Data Cleaning with R and the Tidyverse: Detecting Missing Values

John Sullivan
Towards Data Science
13 min readMar 21, 2019

--

Data cleaning is one of the most important aspects of data science.

As a data scientist, you can expect to spend up to 80% of your time cleaning data.

In a previous post I walked through a number of data cleaning tasks using Python and the Pandas library.

That post got so much attention, I wanted to follow it up with an example in R.

In this post you’ll learn how to detect missing values using the tidyr and dplyr packages from the Tidyverse.

The Tidyverse is the best collection of R packages for data science, so you should become familiar with it.

Getting Started

A good way to start any data science project is to get a feel for the data.
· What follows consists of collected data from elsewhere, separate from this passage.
(* Let $X_r$ be a Dynkin diagram of finite type with dual Coxeter number $h^\vee$ and involution $\omega$. (i) In the abelian group $\mathcal{T}_0(X_r)$: $T^{(a)}(u+h^\vee)=T^{(\omega(a))}(u)^{-1}$ and $T^{(a)}(u+2h^\vee)=T^{(a)}(u)$ for all $a\in I$, $u\in\frac1t\mathbb{Z}$. (ii) In the abelian group $\mathcal{Y}_0(X_r)$: $Y^{(a)}(u+h^\vee)=Y^{(\omega(a))}(u)^{-1}$ and $Y^{(a)}(u+2h^\vee)=Y^{(a)}(u)$ for all $a\in I$, $u\in\frac1t\mathbb{Z}$.
   Context: Enumeration of $I=\{1,\dots,r\}$: $A_r$: chain; $B_r$: chain with double bond between $r-1,r$, $\alpha_r$ short; $C_r$: same, $\alpha_r$ long, others short; $D_r$: chain $1-\cdots-(r-2)$, $r-1,r$ joined to $r-2$; $E_6$: chain $1-2-3-5-6$, $4$ joined to $3$; $E_7$: chain $1-\cdots-6$, $7$ joined to $3$; $E_8$: chain $1-\cdots-7$, $8$ joined to $5$; $F_4$: chain $1-2-3-4$, double bond between $2,3$, $\alpha_1,\alpha_2$ long; $G_2$: $\alpha_1$ long. $C$ is the Cartan matrix; $t=1$ (simply laced), $2$ ($B_r,C_r,F_4$), $3$ ($G_2$). $h^\vee$: $A_r$: $r+1$, $B_r$: $2r-1$, $C_r$: $r+1$, $D_r$: $2r-2$, $E_6$: 12, $E_7$: 18, $E_8$: 30, $F_4$: 9, $G_2$: 4. $\omega$ is the identity except: $\omega(a)=r+1-a$ for $A_r$; $\omega$ swaps $r-1,r$ for $D_r$ with $r$ odd; $\omega$ swaps $1\leftrightarrow6$, $2\leftrightarrow5$ for $E_6$. $\mathcal{T}_0(X_r)$ is the abelian group (written multiplicatively) generated by $T^{(a)}(u)$ ($a\in I$, $u\in\frac1t\mathbb{Z}$) with relations (with $T^{(0)}(u)=1$): simply laced: $T^{(a)}(u-1)T^{(a)}(u+1)=\prod_{b:C_{ab}=-1}T^{(b)}(u)$; $B_r$: $T^{(a)}(u-1)T^{(a)}(u+1)=T^{(a-1)}(u)T^{(a+1)}(u)$ ($a\le r-2$), $T^{(r-1)}(u-1)T^{(r-1)}(u+1)=T^{(r-2)}(u)T^{(r)}(u)$, $T^{(r)}(u-\frac12)T^{(r)}(u+\frac12)=T^{(r-1)}(u-\frac12)T^{(r-1)}(u+\frac12)$; $C_r$: $T^{(a)}(u-\frac12)T^{(a)}(u+\frac12)=T^{(a-1)}(u)T^{(a+1)}(u)$ ($a\le r-2$), $T^{(r-1)}(u-\frac12)T^{(r-1)}(u+\frac12)=T^{(r-2)}(u)T^{(r)}(u-\frac12)T^{(r)}(u+\frac12)$, $T^{(r)}(u-1)T^{(r)}(u+1)=T^{(r-1)}(u)$; $F_4$: $T^{(1)}(u-1)T^{(1)}(u+1)=T^{(2)}(u)$, $T^{(2)}(u-1)T^{(2)}(u+1)=T^{(1)}(u)T^{(3)}(u)$, $T^{(3)}(u-\frac12)T^{(3)}(u+\frac12)=T^{(2)}(u-\frac12)T^{(2)}(u+\frac12)T^{(4)}(u)$, $T^{(4)}(u-\frac12)T^{(4)}(u+\frac12)=T^{(3)}(u)$; $G_2$: $T^{(1)}(u-1)T^{(1)}(u+1)=T^{(2)}(u)$, $T^{(2)}(u-\frac13)T^{(2)}(u+\frac13)=T^{(1)}(u-\frac23)T^{(1)}(u)T^{(1)}(u+\frac23)$. $\mathcal{Y}_0(X_r)$ is the abelian group generated by $Y^{(a)}(u)$ with relations (with $Y^{(0)}(u)=1$): simply laced: $Y^{(a)}(u-1)Y^{(a)}(u+1)=\prod_{b:C_{ab}=-1}Y^{(b)}(u)$; $B_r$: $Y^{(a)}(u-1)Y^{(a)}(u+1)=Y^{(a-1)}(u)Y^{(a+1)}(u)$ ($a\le r-2$), $Y^{(r-1)}(u-1)Y^{(r-1)}(u+1)=Y^{(r-2)}(u)Y^{(r)}(u-\frac12)Y^{(r)}(u+\frac12)$, $Y^{(r)}(u-\frac12)Y^{(r)}(u+\frac12)=Y^{(r-1)}(u)$; $C_r$: $Y^{(a)}(u-\frac12)Y^{(a)}(u+\frac12)=Y^{(a-1)}(u)Y^{(a+1)}(u)$ ($a\le r-2$), $Y^{(r-1)}(u-\frac12)Y^{(r-1)}(u+\frac12)=Y^{(r-2)}(u)Y^{(r)}(u)$, $Y^{(r)}(u-1)Y^{(r)}(u+1)=Y^{(r-1)}(u-\frac12)Y^{(r-1)}(u+\frac12)$; $F_4$: $Y^{(1)}(u-1)Y^{(1)}(u+1)=Y^{(2)}(u)$, $Y^{(2)}(u-1)Y^{(2)}(u+1)=Y^{(1)}(u)Y^{(3)}(u-\frac12)Y^{(3)}(u+\frac12)$, $Y^{(3)}(u-\frac12)Y^{(3)}(u+\frac12)=Y^{(2)}(u)Y^{(4)}(u)$, $Y^{(4)}(u-\frac12)Y^{(4)}(u+\frac12)=Y^{(3)}(u)$; $G_2$: $Y^{(1)}(u-1)Y^{(1)}(u+1)=Y^{(2)}(u-\frac23)Y^{(2)}(u)Y^{(2)}(u+\frac23)$, $Y^{(2)}(u-\frac13)Y^{(2)}(u+\frac13)=Y^{(1)}(u)$. *)

theory Defs
  imports Main
begin

datatype dynkin = A nat | B nat | C nat | D nat | E6 | E7 | E8 | F4 | G2

fun valid_dynkin :: "dynkin \<Rightarrow> bool" where
  "valid_dynkin (A r) = (r \<ge> 1)"
| "valid_dynkin (B r) = (r \<ge> 2)"
| "valid_dynkin (C r) = (r \<ge> 2)"
| "valid_dynkin (D r) = (r \<ge> 4)"
| "valid_dynkin _ = True"

fun rank :: "dynkin \<Rightarrow> nat" where
  "rank (A r) = r" | "rank (B r) = r" | "rank (C r) = r" | "rank (D r) = r"
| "rank E6 = 6" | "rank E7 = 7" | "rank E8 = 8" | "rank F4 = 4" | "rank G2 = 2"

definition Iset :: "dynkin \<Rightarrow> nat set" where
  "Iset X = {1..rank X}"

fun tnum :: "dynkin \<Rightarrow> int" where
  "tnum (B r) = 2" | "tnum (C r) = 2" | "tnum F4 = 2" | "tnum G2 = 3" | "tnum _ = 1"

fun simply_laced :: "dynkin \<Rightarrow> bool" where
  "simply_laced (A r) = True" | "simply_laced (D r) = True"
| "simply_laced E6 = True" | "simply_laced E7 = True" | "simply_laced E8 = True"
| "simply_laced _ = False"

fun hdual :: "dynkin \<Rightarrow> int" where
  "hdual (A r) = int r + 1" | "hdual (B r) = 2 * int r - 1" | "hdual (C r) = int r + 1"
| "hdual (D r) = 2 * int r - 2" | "hdual E6 = 12" | "hdual E7 = 18" | "hdual E8 = 30"
| "hdual F4 = 9" | "hdual G2 = 4"

fun omega :: "dynkin \<Rightarrow> nat \<Rightarrow> nat" where
  "omega (A r) a = r + 1 - a"
| "omega (D r) a = (if odd r then (if a = r - 1 then r else if a = r then r - 1 else a) else a)"
| "omega E6 a = (if a = 1 then 6 else if a = 6 then 1 else if a = 2 then 5
                 else if a = 5 then 2 else a)"
| "omega _ a = a"

text \<open>Edges of the simply laced diagrams (unordered), i.e. C_ab = -1.\<close>
fun sl_edges :: "dynkin \<Rightarrow> (nat \<times> nat) set" where
  "sl_edges (A r) = {(a, a + 1) | a. 1 \<le> a \<and> a + 1 \<le> r}"
| "sl_edges (D r) = {(a, a + 1) | a. 1 \<le> a \<and> a + 1 \<le> r - 1} \<union> {(r - 2, r)}"
| "sl_edges E6 = {(1,2),(2,3),(3,5),(5,6),(3,4)}"
| "sl_edges E7 = {(1,2),(2,3),(3,4),(4,5),(5,6),(3,7)}"
| "sl_edges E8 = {(1,2),(2,3),(3,4),(4,5),(5,6),(6,7),(5,8)}"
| "sl_edges _ = {}"

definition adj :: "dynkin \<Rightarrow> nat \<Rightarrow> nat \<Rightarrow> bool" where
  "adj X a b \<longleftrightarrow> (a, b) \<in> sl_edges X \<or> (b, a) \<in> sl_edges X"

text \<open>Conventions: abelian groups are written additively (type class ab_group_add),
  so products become sums and inverses become negation. The generator
  T^(a)(u), u \<in> (1/t)Z, is represented as T a k with u = k / t (k :: int).
  The convention T^(0)(u) = 1 becomes the value 0 via z0.\<close>

definition z0 :: "(nat \<Rightarrow> int \<Rightarrow> 'g::ab_group_add) \<Rightarrow> nat \<Rightarrow> int \<Rightarrow> 'g" where
  "z0 T a k = (if a = 0 then 0 else T a k)"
This is just a quick look to see the variable names and expected variable types. Looking at the dimensions of the data is also useful.

Exploratory data analysis (EDA) is extremely important, so it deserves its own blog post. We won’t go over a full EDA in this article.

Before we get started, head on over to our github page to grab a copy of the data. Make sure to put a copy in the same working directory where your R code will be.

Here’s a quick look at our data:

This is a small customer churn dataset.

For purposes of learning, this dataset shows some great real-world examples of missing values.

To start, load the tidverse library and read in the csv file.

library(tidyverse)# set working directory
path_loc <- "C:/Users/Jonathan/Desktop/data cleaning with R post"
setwd(path_loc)
# reading in the data
df <- read_csv("telecom.csv")

Usually the data is read in to a dataframe, but the tidyverse actually uses tibbles.

These are similar to dataframes, but also slightly different. To learn more about tibbles, check out this chapter from R for Data Science.

I like to use the glimpse function to look at the variable names and types.

# taking a quick look
glimpse(df)
> glimpse(df)
Observations: 10
Variables: 5
$ customerID chr "7590-VHVEG", "5575-GNVDE", "3668-QPYBK", "7...
$ MonthlyCharges dbl 29.85, 56.95, NA, 42.30, 70.70, NaN, 89.10, ...
$ TotalCharges chr "109.9", "na", "108.15", "1840.75", NA, "820...
$ PaymentMethod chr "Electronic check", "Mailed check", "--", "B...
$ Churn chr "yes", "yes", "yes", "no", "no", "yes", "no"...

We can see that there’s 5 variables.

  • customerID
  • MonthlyCharges
  • TotalCharges
  • PaymentMethod
  • Churn

There’s also a description of the type for each variable:

  • customerID: chr which stands for character, another name for a string
  • MonthlyCharges: dbl which stands for double, which is a numeric type
  • TotalCharges: chr character
  • PaymentMethod: chrcharacter
  • Churn: chrcharacter

There’s 10 observations, which means there’s 10 rows of data.

Now that we’ve taken a quick look to become familiar with the data, let’s go over some basic data manipulation.

A Grammar of Data Manipulation: dplyr

Before we get started with missing values, let’s go over the dplyr library.

This is just a quick introduction, so be sure to check out the official dplyr documentation as well as Chapter 5 Data Transformation from R for Data Science.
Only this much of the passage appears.